(Stored dataset items)
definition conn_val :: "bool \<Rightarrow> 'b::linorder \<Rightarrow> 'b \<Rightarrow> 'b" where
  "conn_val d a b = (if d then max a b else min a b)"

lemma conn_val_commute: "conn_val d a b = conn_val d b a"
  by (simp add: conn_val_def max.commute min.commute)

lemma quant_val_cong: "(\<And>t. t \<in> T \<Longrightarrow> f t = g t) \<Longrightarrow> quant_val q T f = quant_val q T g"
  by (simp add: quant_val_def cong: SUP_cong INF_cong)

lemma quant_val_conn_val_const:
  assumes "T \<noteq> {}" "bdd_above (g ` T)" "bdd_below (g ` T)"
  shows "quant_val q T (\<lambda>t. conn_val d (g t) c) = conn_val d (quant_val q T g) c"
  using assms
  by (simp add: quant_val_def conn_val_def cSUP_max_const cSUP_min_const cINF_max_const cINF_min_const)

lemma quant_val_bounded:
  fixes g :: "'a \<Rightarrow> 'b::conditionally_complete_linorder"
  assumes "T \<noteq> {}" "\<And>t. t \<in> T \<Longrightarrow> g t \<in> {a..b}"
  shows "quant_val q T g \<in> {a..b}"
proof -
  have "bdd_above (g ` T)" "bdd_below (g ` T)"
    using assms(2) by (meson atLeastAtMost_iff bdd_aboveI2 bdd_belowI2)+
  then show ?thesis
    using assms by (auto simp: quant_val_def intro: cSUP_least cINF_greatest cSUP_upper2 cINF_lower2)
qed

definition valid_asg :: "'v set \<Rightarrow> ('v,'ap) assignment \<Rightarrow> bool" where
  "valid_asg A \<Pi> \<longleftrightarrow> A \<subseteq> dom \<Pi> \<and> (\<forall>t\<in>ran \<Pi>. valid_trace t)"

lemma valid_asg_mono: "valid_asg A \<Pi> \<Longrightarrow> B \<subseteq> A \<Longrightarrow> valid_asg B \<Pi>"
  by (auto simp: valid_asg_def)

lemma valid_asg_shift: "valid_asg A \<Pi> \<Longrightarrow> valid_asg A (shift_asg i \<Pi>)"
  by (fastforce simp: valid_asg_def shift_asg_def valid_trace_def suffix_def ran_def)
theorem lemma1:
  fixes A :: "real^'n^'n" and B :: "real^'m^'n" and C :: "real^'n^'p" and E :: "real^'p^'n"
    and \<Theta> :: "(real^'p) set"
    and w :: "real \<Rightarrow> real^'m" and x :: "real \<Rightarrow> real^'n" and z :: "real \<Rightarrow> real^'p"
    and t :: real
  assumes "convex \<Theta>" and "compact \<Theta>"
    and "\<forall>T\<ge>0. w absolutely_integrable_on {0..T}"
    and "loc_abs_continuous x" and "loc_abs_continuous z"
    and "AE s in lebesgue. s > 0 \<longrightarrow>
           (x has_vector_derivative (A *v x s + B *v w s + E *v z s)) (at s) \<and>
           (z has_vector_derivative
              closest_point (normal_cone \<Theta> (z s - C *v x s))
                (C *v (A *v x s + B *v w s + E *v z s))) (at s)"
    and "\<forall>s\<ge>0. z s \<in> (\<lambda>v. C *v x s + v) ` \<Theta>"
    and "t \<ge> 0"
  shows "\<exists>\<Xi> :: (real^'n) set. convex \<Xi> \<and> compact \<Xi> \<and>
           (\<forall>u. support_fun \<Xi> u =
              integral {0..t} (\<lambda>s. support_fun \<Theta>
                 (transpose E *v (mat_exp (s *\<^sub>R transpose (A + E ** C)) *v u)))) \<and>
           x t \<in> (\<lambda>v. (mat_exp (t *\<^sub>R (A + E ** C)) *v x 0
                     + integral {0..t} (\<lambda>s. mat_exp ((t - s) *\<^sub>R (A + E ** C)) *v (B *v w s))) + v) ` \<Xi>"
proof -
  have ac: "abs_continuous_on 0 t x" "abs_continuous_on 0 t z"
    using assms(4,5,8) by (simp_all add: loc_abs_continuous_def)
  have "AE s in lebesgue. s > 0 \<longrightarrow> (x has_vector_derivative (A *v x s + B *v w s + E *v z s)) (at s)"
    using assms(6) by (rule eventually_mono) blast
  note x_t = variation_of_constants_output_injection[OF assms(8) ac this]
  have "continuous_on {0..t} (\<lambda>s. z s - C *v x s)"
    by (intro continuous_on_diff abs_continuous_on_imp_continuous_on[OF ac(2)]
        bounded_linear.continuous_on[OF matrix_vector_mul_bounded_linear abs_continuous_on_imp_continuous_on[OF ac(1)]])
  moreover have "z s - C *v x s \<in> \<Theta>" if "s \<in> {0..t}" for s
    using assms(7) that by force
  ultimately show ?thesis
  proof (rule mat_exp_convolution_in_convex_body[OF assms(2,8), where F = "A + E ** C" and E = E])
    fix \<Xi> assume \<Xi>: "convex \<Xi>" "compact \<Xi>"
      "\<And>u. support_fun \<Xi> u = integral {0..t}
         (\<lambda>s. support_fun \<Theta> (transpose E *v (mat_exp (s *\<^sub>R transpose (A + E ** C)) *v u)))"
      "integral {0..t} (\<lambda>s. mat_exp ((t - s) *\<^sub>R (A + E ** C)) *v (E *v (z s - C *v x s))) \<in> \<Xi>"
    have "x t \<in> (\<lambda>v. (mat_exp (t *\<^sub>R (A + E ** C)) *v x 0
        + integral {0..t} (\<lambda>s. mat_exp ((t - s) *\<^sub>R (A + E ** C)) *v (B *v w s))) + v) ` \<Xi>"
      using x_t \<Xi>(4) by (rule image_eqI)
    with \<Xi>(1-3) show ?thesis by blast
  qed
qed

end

---

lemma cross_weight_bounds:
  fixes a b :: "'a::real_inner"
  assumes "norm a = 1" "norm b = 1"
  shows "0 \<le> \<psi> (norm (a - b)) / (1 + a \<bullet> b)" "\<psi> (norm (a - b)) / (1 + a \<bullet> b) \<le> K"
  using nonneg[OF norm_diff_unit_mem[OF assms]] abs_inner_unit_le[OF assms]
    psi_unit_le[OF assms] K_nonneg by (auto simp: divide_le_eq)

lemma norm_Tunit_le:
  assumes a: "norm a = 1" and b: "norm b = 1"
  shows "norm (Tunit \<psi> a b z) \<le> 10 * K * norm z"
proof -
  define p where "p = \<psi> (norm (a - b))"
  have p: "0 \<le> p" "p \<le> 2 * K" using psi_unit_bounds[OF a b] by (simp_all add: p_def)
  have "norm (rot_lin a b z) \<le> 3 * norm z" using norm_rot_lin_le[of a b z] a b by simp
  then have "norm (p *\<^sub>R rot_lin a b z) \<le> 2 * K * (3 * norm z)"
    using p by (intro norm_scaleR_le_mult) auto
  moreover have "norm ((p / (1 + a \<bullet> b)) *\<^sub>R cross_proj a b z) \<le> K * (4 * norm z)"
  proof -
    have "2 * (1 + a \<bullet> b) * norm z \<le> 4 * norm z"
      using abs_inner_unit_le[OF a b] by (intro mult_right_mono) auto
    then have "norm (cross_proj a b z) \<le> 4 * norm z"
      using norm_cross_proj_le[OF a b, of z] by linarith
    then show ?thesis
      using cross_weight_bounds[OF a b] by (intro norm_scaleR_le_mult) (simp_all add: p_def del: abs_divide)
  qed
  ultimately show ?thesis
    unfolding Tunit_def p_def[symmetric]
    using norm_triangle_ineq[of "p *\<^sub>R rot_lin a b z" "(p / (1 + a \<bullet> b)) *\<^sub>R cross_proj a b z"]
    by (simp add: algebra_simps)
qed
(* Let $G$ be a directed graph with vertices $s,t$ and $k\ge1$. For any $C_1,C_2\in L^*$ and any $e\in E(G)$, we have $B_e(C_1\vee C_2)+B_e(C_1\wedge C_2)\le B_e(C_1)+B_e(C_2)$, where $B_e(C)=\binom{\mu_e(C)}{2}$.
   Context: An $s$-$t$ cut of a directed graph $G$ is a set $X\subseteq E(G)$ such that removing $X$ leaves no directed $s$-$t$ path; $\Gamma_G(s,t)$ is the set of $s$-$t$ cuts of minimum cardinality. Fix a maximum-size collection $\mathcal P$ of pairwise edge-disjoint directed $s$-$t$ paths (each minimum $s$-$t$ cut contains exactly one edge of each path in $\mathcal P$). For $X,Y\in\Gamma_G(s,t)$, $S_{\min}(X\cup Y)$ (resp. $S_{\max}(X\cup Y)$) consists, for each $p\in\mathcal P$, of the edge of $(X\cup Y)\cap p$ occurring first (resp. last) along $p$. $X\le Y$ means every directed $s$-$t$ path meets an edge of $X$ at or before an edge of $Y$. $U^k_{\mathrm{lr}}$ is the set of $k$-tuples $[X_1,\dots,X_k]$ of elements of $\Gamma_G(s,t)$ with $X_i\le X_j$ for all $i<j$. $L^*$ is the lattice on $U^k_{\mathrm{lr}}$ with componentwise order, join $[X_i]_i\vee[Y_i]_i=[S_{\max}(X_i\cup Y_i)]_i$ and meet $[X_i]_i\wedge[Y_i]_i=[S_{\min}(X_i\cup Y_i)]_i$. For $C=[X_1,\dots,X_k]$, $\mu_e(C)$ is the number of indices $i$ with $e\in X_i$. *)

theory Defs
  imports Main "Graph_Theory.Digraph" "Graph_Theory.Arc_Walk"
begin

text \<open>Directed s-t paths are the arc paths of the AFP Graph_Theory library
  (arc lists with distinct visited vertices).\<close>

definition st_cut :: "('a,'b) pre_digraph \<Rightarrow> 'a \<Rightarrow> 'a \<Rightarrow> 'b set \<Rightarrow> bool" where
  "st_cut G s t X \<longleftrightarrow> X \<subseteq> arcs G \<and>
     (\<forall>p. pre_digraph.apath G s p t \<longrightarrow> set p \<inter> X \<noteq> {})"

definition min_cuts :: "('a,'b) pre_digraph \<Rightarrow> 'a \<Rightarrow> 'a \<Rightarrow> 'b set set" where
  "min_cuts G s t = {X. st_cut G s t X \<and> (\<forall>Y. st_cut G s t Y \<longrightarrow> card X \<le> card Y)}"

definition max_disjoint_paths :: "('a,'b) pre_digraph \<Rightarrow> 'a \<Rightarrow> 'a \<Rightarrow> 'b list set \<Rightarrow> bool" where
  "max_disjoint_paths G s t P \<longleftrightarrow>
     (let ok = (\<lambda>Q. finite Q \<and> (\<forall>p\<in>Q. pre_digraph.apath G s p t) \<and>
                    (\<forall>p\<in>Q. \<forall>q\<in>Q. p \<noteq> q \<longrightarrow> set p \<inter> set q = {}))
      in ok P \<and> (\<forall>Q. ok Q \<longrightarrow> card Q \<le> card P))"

● Work item
Your reply should be a single number: the count of lines above that contain the word "auto".

● Written solution
5